For decades people have used neurofeedback to treat attention deficit disorder. The technology reads brain waves and gives you visual feedback on your calmness.
But within the last year, a new crop of commercial brain-reading devices have taken this once expensive and inconvenient technology and put it into a portable, battery-powered headset (pictured above).
For instance, the Muse headband presents you with a calm ocean scene (via the device’s iOS app) when you’re focused and a stormy scene when it senses brainwaves associated with distraction.
The problem with the current crop of neurofeedback tech is that it doesn’t follow users around; we don’t just want to be mindful when we take time to meditate, we want to be mindful all the time.
Google Glass is the first technology that could clue us into our lack of attentiveness in real time. And this week we got the first taste of how that might work.
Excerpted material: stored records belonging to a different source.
definition reduced :: "('b, 'c) ring_scheme \<Rightarrow> bool" where
  "reduced R \<longleftrightarrow> (\<forall>s\<in>carrier R. \<forall>n::nat. s [^]\<^bsub>R\<^esub> n = \<zero>\<^bsub>R\<^esub> \<longrightarrow> s = \<zero>\<^bsub>R\<^esub>)"

lemma (in cring) mem_Pset_self: "a \<in> carrier R \<Longrightarrow> a \<in> Pset R a"
  by (auto simp: Pset_def)

lemma (in cring) Pset_subset_Ann:
  assumes "reduced R" and a: "a \<in> carrier R" and h: "h \<in> carrier R" "h \<otimes> a = \<zero>"
  shows "Pset R a \<subseteq> Ann R h"
proof
  fix b assume b: "b \<in> Pset R a"
  have b_carr: "b \<in> carrier R" using b by (simp add: Pset_def)
  have "h \<otimes> b = \<zero>"
  proof (rule ccontr)
    assume hb: "h \<otimes> b \<noteq> \<zero>"
    let ?S = "{(h \<otimes> b) [^] (n::nat) | n. True}"
    obtain p where p: "primeideal p R" "p \<inter> ?S = {}"
    proof (rule exists_primeideal_avoiding)
      show "?S \<subseteq> carrier R" using h b_carr by auto
      show "\<one> \<in> ?S" by (auto intro!: exI[of _ "0::nat"])
      have "h \<otimes> b \<in> carrier R" using h b_carr by simp
      show "\<zero> \<notin> ?S"
      proof
        assume "\<zero> \<in> ?S"
        then obtain n where "(h \<otimes> b) [^] (n::nat) = \<zero>" by auto
        then show False using assms(1) hb \<open>h \<otimes> b \<in> carrier R\<close> unfolding reduced_def by blast
      qed
      fix x y assume "x \<in> ?S" "y \<in> ?S"
      then show "x \<otimes> y \<in> ?S" using h b_carr by (auto simp: nat_pow_mult)
    qed
    obtain q where q: "minimal_prime R q" "q \<subseteq> p" using exists_minimal_prime_subset[OF p(1)] .
    interpret q: primeideal q R using q(1) by (simp add: minimal_prime_def)
    have "h \<otimes> b \<in> ?S" using h b_carr by (auto intro!: exI[of _ "1::nat"])
    then have "h \<otimes> b \<notin> q" using p(2) q(2) by blast
    then have "h \<notin> q" "b \<notin> q" using q.I_r_closed q.I_l_closed h b_carr by auto
    moreover have "a \<in> q" using q.I_prime[OF h(1) a] h(2) q.zero_closed \<open>h \<notin> q\<close> by auto
    then have "b \<in> q" using b q(1) by (auto simp: Pset_def)
    ultimately show False by blast
  qed
  then show "b \<in> Ann R h" using b_carr h by (simp add: Ann_def m_comm)
qed

lemma (in cring) maximalideal_comaximal:
  assumes M: "maximalideal M R" and b: "b \<in> carrier R" "b \<notin> M"
  shows "\<exists>m\<in>M. \<exists>r\<in>carrier R. m \<oplus> r \<otimes> b = \<one>"
proof -
  have M_ideal: "ideal M R" using maximalideal.axioms(1)[OF M] .
  have "M <+>\<^bsub>R\<^esub> PIdl b \<noteq> M" using add_cgenideal(3)[OF M_ideal b(1)] b(2) by blast
  then have "M <+>\<^bsub>R\<^esub> PIdl b = carrier R"
    using maximalideal.I_maximal[OF M add_cgenideal(1,2)[OF M_ideal b(1)]]
      ideal.Icarr[OF add_cgenideal(1)[OF M_ideal b(1)]] by blast
  then show ?thesis using mem_add_cgenideal[of \<one> M b] by (metis one_closed)
qed

lemma (in cring) cgenideal_subset_zero_divisors:
  assumes a: "a \<in> carrier R" and b: "b \<in> carrier R" "b \<noteq> \<zero>" "a \<otimes> b = \<zero>"
  shows "PIdl a \<subseteq> zero_divisors R"
proof
  fix x assume "x \<in> PIdl a"
  then obtain r where r: "r \<in> carrier R" "x = r \<otimes> a" by (auto simp: cgenideal_def)
  then have "x \<otimes> b = \<zero>" using a b by (simp add: m_assoc)
  then show "x \<in> zero_divisors R" using r a b unfolding zero_divisors_def by auto
qed

lemma (in cring) ideal_eq_carrier_if_unit:
  assumes I: "ideal I R" and u: "u \<in> I" "u \<in> Units R"
  shows "I = carrier R"
proof -
  have "inv u \<otimes> u \<in> I" using ideal.I_l_closed[OF I u(1) Units_inv_closed[OF u(2)]] .
  then show ?thesis using Units_l_inv[OF u(2)] ideal.one_imp_carrier[OF I] by simp
qed

lemma (in cring) exists_maximalideal:
  assumes a: "a \<in> carrier R" "a \<notin> Units R"
  obtains M where "maximalideal M R" "a \<in> M"
proof -
  have "\<one> \<notin> PIdl a"
  proof
    assume "\<one> \<in> PIdl a"
    then obtain x where "x \<in> carrier R" "\<one> = x \<otimes> a" by (auto simp: cgenideal_def)
    then show False using a by (auto simp: Units_def m_comm)
  qed
  then have "PIdl a \<inter> {\<one>} = {}" by blast
  then obtain M where M: "ideal M R" "PIdl a \<subseteq> M" "M \<inter> {\<one>} = {}"
    and M_max: "\<And>I. ideal I R \<Longrightarrow> M \<subseteq> I \<Longrightarrow> I \<inter> {\<one>} = {} \<Longrightarrow> I = M"
    by (rule exists_maximal_ideal_avoiding[OF cgenideal_ideal[OF a(1)]]) (rule that)
  have "maximalideal M R"
  proof (rule maximalidealI[OF M(1)])
    show "carrier R \<noteq> M" using M(3) by auto
    fix J assume J: "ideal J R" "M \<subseteq> J" "J \<subseteq> carrier R"
    show "J = M \<or> J = carrier R"
      using M_max[OF J(1,2)] ideal.one_imp_carrier[OF J(1)] by blast
  qed
  then show ?thesis using that M(2) cgenideal_self[OF a(1)] by blast
qed

lemma (in cring) maximalideal_is_z_ideal: "maximalideal M R \<Longrightarrow> z_ideal R M"
  unfolding z_ideal_def Mset_def by (auto dest: maximalideal.axioms(1))

lemma (in cring) maximalideal_disjoint_Units:
  assumes "maximalideal M R"
  shows "M \<inter> Units R = {}"
  using ideal_eq_carrier_if_unit maximalideal.axioms(1)[OF assms] maximalideal.I_notcarr[OF assms]
  by blast

lemma (in cring) maximalideals_subset_zero_divisors_iff:
  "(\<forall>M. maximalideal M R \<longrightarrow> M \<subseteq> zero_divisors R) \<longleftrightarrow> carrier R - Units R \<subseteq> zero_divisors R"
proof
  assume max_zd: "\<forall>M. maximalideal M R \<longrightarrow> M \<subseteq> zero_divisors R"
  show "carrier R - Units R \<subseteq> zero_divisors R"
  proof
    fix a assume "a \<in> carrier R - Units R"
    then obtain M where "maximalideal M R" "a \<in> M"
      by (auto elim: exists_maximalideal)
    then show "a \<in> zero_divisors R" using max_zd by blast
  qed
next
  assume nonunits_zd: "carrier R - Units R \<subseteq> zero_divisors R"
  show "\<forall>M. maximalideal M R \<longrightarrow> M \<subseteq> zero_divisors R"
  proof (intro allI impI subsetI)
    fix M a assume M: "maximalideal M R" and a: "a \<in> M"
    have "a \<in> carrier R" using ideal.Icarr[OF maximalideal.axioms(1)[OF M] a] .
    moreover have "a \<notin> Units R" using maximalideal_disjoint_Units[OF M] a by blast
    ultimately show "a \<in> zero_divisors R" using nonunits_zd by blast
  qed
qed
(* Every $\mathbb{C}$-algebra $R(A,P_0)$ obtained from data $(A,P_0)$ as described in the context is isomorphic as a $\mathbb{C}$-algebra (forgetting the $K_0$-grading) to a product $$\bigotimes_{i=1}^t R(A^{(i)},P_0^{(i)}) \otimes \mathbb{C}[S_1,\ldots,S_{m'}],$$ where the algebras $R(A^{(i)},P_0^{(i)})$ (each obtained by the same construction from data $(A^{(i)},P_0^{(i)})$) are indecomposable with $m^{(i)} = 0$ for all $i=1,\ldots,t$, and $m'\geq m$ holds.
   Context: Fix integers $r \geq c > 0$, $n_0,\ldots,n_r>0$ and $m\geq 0$, and set $n:=n_0+\ldots+n_r$. Let $A=(a_0,\ldots,a_r)$ be a $(c+1)\times(r+1)$ complex matrix of full rank with pairwise linearly independent columns $a_i$, and let $P_0$ be the $r\times(n+m)$ matrix built from tuples $l_i=(l_{i1},\ldots,l_{in_i})$ of positive integers, $$P_0=\left[\begin{array}{ccccccc} -l_0&l_1&&&0&\ldots&0\\ \vdots&&\ddots&&\vdots&&\vdots\\ -l_0&&&l_r&0&\ldots&0\end{array}\right].$$ In the polynomial ring $\mathbb{C}[T_{ij},S_k]$ ($i=0,\ldots,r$, $j=1,\ldots,n_i$, $k=1,\ldots,m$) set $T_i^{l_i}:=T_{i1}^{l_{i1}}\cdots T_{in_i}^{l_{in_i}}$ and, for $v\in\mathbb{C}^{r+1}$, $g_v:=v_0T_0^{l_0}+\ldots+v_rT_r^{l_r}$. Define $R(A,P_0):=\mathbb{C}[T_{ij},S_k]/\langle g_v;\ v\in\ker(A)\rangle$, graded by $K_0:=\mathbb{Z}^{n+m}/\mathrm{im}(P_0^* )$ via $\deg(T_{ij})$, $\deg(S_k)$ the images of the canonical basis vectors. The matrix $A$ is called indecomposable if for any subset $I$ of the column indices one has $\{0\}\neq \mathrm{Lin}(a_i;\ i\in I)\cap\mathrm{Lin}(a_j;\ j\notin I)$; the ring $R(A,P_0)$ is called indecomposable if $A$ is indecomposable and $l_{ij}n_i>1$ holds for all $i$ (and $j$). Here $m^{(i)}$ denotes the number of variables $S_k$ in the data for $R(A^{(i)},P_0^{(i)})$. *)

theory Defs
  imports "HOL-Library.Poly_Mapping" "HOL-Algebra.QuotRing" "HOL-Algebra.RingHom"
    "Jordan_Normal_Form.DL_Rank" "Jordan_Normal_Form.Matrix_Kernel"
begin
lemma large_Compl_group_ideal:
  assumes I: "group_ideal I" and "B \<in> I"
  shows "large (- B)"
proof -
  have "set_div B B \<noteq> UNIV" using group_idealD(1)[OF I] group_idealD(4)[OF I \<open>B \<in> I\<close> \<open>B \<in> I\<close>] by auto
  then obtain g where g: "g \<notin> set_div B B" by blast
  have "g + y \<notin> B" if "y \<in> B" for y
  proof
    assume "g + y \<in> B"
    moreover have "g = (g + y) - y" by simp
    ultimately show False using g that unfolding set_div_def by blast
  qed
  then have "y \<in> set_mult {0, -g} (- B)" for y
    by (cases "y \<in> B") (simp_all add: mem_set_mult_iff)
  then have "set_mult {0, -g} (- B) = UNIV" by (rule UNIV_eq_I[symmetric])
  then show ?thesis unfolding large_def by (intro exI[of _ "{0, -g}"]) simp
qed

lemma small_if_group_ideal:
  assumes I: "group_ideal I" and "A \<in> I"
  shows "small A"
  unfolding small_def
proof (intro allI impI)
  fix L :: "'a set" assume "large L"
  then obtain F where F: "finite F" "set_mult F L = UNIV" unfolding large_def by blast
  have "set_mult F A \<in> I"
    unfolding set_mult_eq_set_div using group_idealD[OF I] F(1) \<open>A \<in> I\<close> by simp
  then have "large (- set_mult F A)" by (rule large_Compl_group_ideal[OF I])
  moreover have "- set_mult F A \<subseteq> set_mult F (L - A)"
  proof
    fix y assume "y \<in> - set_mult F A"
    moreover have "y \<in> set_mult F L" using F(2) by simp
    ultimately show "y \<in> set_mult F (L - A)" by (auto simp: mem_set_mult_iff)
  qed
  ultimately show "large (L - A)" using F(1) by (rule large_if_subset_set_mult)
qed

definition thin :: "'a::group_add set \<Rightarrow> bool" where
  "thin B \<longleftrightarrow> (\<forall>h. h \<noteq> 0 \<longrightarrow> finite ((+) h ` B \<inter> B))"

lemma finite_Delta_if_thin: "thin B \<Longrightarrow> finite (Delta B)"
  unfolding thin_def Delta_def by (rule finite_subset[of _ "{0}"]) auto

definition diff_add_triples :: "'a::group_add set \<Rightarrow> 'a set" where
  "diff_add_triples P = {p - q + s | p q s. p \<in> P \<and> q \<in> P \<and> s \<in> P}"

locale diff_add_avoiding =
  fixes less :: "'i rel" and v :: "'i \<Rightarrow> 'a::group_add"
  assumes strict: "strict_linear_order less"
    and avoid: "\<And>t. v t \<notin> diff_add_triples (v ` {b. (b, t) \<in> less})"
begin

lemma less_total: "x \<noteq> y \<Longrightarrow> (x, y) \<in> less \<or> (y, x) \<in> less"
  using strict unfolding strict_linear_order_on_def total_on_def by blast

lemma less_trans: "(x, y) \<in> less \<Longrightarrow> (y, z) \<in> less \<Longrightarrow> (x, z) \<in> less"
  using strict unfolding strict_linear_order_on_def trans_def by blast

lemma not_diff_add_below:
  assumes "(p, t) \<in> less" "(q, t) \<in> less" "(r, t) \<in> less"
  shows "v t \<noteq> v p - v q + v r"
  using avoid[of t] assms unfolding diff_add_triples_def by blast

lemma inj: "inj v"
proof (rule injI, rule ccontr)
  fix x y assume "v x = v y" "x \<noteq> y"
  then show False
    using less_total not_diff_add_below[of x y x x] not_diff_add_below[of y x y y] by force
qed

definition is_top_of :: "'i \<Rightarrow> 'i \<Rightarrow> 'i \<Rightarrow> bool" where
  "is_top_of t a c \<longleftrightarrow> t = a \<and> (c, t) \<in> less \<or> t = c \<and> (a, t) \<in> less"

lemma ex_is_top_of: "a \<noteq> c \<Longrightarrow> \<exists>t. is_top_of t a c"
  using less_total unfolding is_top_of_def by blast

lemma less_if_is_top_of_less:
  "is_top_of t a c \<Longrightarrow> (t, t') \<in> less \<Longrightarrow> (a, t') \<in> less \<and> (c, t') \<in> less"
  using less_trans unfolding is_top_of_def by blast

text \<open>The top of a pair cannot lie strictly above another pair with the same difference:
  it would be a difference of earlier values.\<close>
lemma not_is_top_of_above:
  assumes "v c = h + v a" "v c' = h + v a'" "(a, t) \<in> less" "(c, t) \<in> less"
  shows "\<not> is_top_of t a' c'"
proof
  have h: "h = v c - v a" using assms(1) by (simp add: eq_diff_eq)
  assume "is_top_of t a' c'"
  then show False unfolding is_top_of_def
  proof
    assume "t = a' \<and> (c', t) \<in> less"
    moreover have "v a' = -h + v c'" by (simp add: assms(2))
    then have "v a' = v a - v c + v c'" by (simp add: h minus_diff_eq)
    ultimately show False using not_diff_add_below assms(3,4) by blast
  next
    assume "t = c' \<and> (a', t) \<in> less"
    moreover have "v c' = v c - v a + v a'" by (simp add: assms(2) h)
    ultimately show False using not_diff_add_below assms(3,4) by blast
  qed
qed

lemma is_top_of_unique:
  assumes "v c = h + v a" "v c' = h + v a'" "is_top_of t a c" "is_top_of t' a' c'"
  shows "t = t'"
proof (rule ccontr)
  assume "t \<noteq> t'"
  then consider "(t, t') \<in> less" | "(t', t) \<in> less" using less_total by blast
  then show False
  proof cases
    case 1
    then show False
      using not_is_top_of_above[OF assms(1,2)] less_if_is_top_of_less[OF assms(3)] assms(4) by blast
  next
    case 2
    then show False
      using not_is_top_of_above[OF assms(2,1)] less_if_is_top_of_less[OF assms(4)] assms(3) by blast
  qed
qed

lemma ex_common_index:
  assumes "h \<noteq> 0"
  obtains t0 where "\<And>a c. v c = h + v a \<Longrightarrow> t0 = a \<or> t0 = c"
proof (cases "\<exists>a c. v c = h + v a")
  case True
  then obtain a0 c0 where p0: "v c0 = h + v a0" by blast
  have distinct: "a \<noteq> c" if "v c = h + v a" for a c
  proof
    assume "a = c"
    with that have "0 + v c = h + v c" by simp
    with \<open>h \<noteq> 0\<close> show False by (metis add_right_cancel)
  qed
  obtain t0 where t0: "is_top_of t0 a0 c0" using ex_is_top_of[OF distinct[OF p0]] by blast
  have "t0 = a \<or> t0 = c" if pair: "v c = h + v a" for a c
  proof -
    obtain t where "is_top_of t a c" using ex_is_top_of[OF distinct[OF pair]] by blast
    moreover from this have "t = t0" using is_top_of_unique[OF pair p0 _ t0] by blast
    ultimately show ?thesis unfolding is_top_of_def by blast
  qed
  then show thesis by (rule that)
qed (use that in blast)

lemma thin_range: "thin (range v)"
  unfolding thin_def
proof (intro allI impI)
  fix h :: 'a assume "h \<noteq> 0"
  then obtain t0 where t0: "\<And>a c. v c = h + v a \<Longrightarrow> t0 = a \<or> t0 = c"
    using ex_common_index by blast
  have "(+) h ` range v \<inter> range v \<subseteq> {h + v t0, v t0}"
  proof
    fix w assume "w \<in> (+) h ` range v \<inter> range v"
    then obtain a c where "w = h + v a" "w = v c" by blast
    then show "w \<in> {h + v t0, v t0}" using t0[of c a] by auto
  qed
  then show "finite ((+) h ` range v \<inter> range v)" by (rule finite_subset) simp
qed

end

lemma card_diff_add_triples_less:
  assumes inf: "infinite (UNIV :: 'a::group_add set)" and P: "|P :: 'a set| <o |UNIV :: 'a set|"
  shows "|diff_add_triples P| <o |UNIV :: 'a set|"
proof -
  have "diff_add_triples P = (\<lambda>(p, q, s). p - q + s) ` (P \<times> P \<times> P)"
    unfolding diff_add_triples_def by (auto simp: image_iff; blast)
  moreover have "|P \<times> P \<times> P| <o |UNIV :: 'a set|"
  proof (cases "finite P")
    case True
    then have "finite (P \<times> P \<times> P)" by simp
    then show ?thesis
      using inf finite_ordLess_infinite[OF card_of_Well_order card_of_Well_order]
      unfolding Field_card_of by blast
  next
    case False
    have "|P \<times> P| \<le>o |P|" using card_of_Times_same_infinite[OF False] ordIso_iff_ordLeq by blast
    then have "|P \<times> P \<times> P| \<le>o |P \<times> P|" by (rule card_of_Times_mono2)
    also have "|P \<times> P| \<le>o |P|" by fact
    finally show ?thesis using P ordLeq_ordLess_trans by blast
  qed
  ultimately show ?thesis using card_of_image ordLeq_ordLess_trans by metis
qed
User experience company MindRDR has created a Google Glass app that interacts with the brain-sensing Neurosky headset, and you give it commands just by thinking them (video below):
[vimeo 99915694 w=500 h=281]
The Neurosky is also a fantastic meditation tool (in fact, meditation through neurofeedback is one of the device’s original uses).
One exciting application I could imagine for the MindRDR tool would be to have it display certain colors in your field of vision whenever your attention wanes. It would be like having your own private Yogi all the time.
Indeed, an upcoming waste-clip wearable, the Spire, will alert users when their breathing becomes erratic. Right now, the Spire only interacts with a smartphone. You have to pull out the device and stare at a phone to do breathing exercises that will bring you back into a calm state. Integration with Google Glass would be far more effective, since the Spire’s instructions would be right in your field of vision.
Google Glass’s application with mind-reading technologies could be a boon to anyone looking to be more calm and focused throughout the day.
Technology has made the world a very (very) distracting place. In the near future, it may also give us the tools to be more mindful and focused.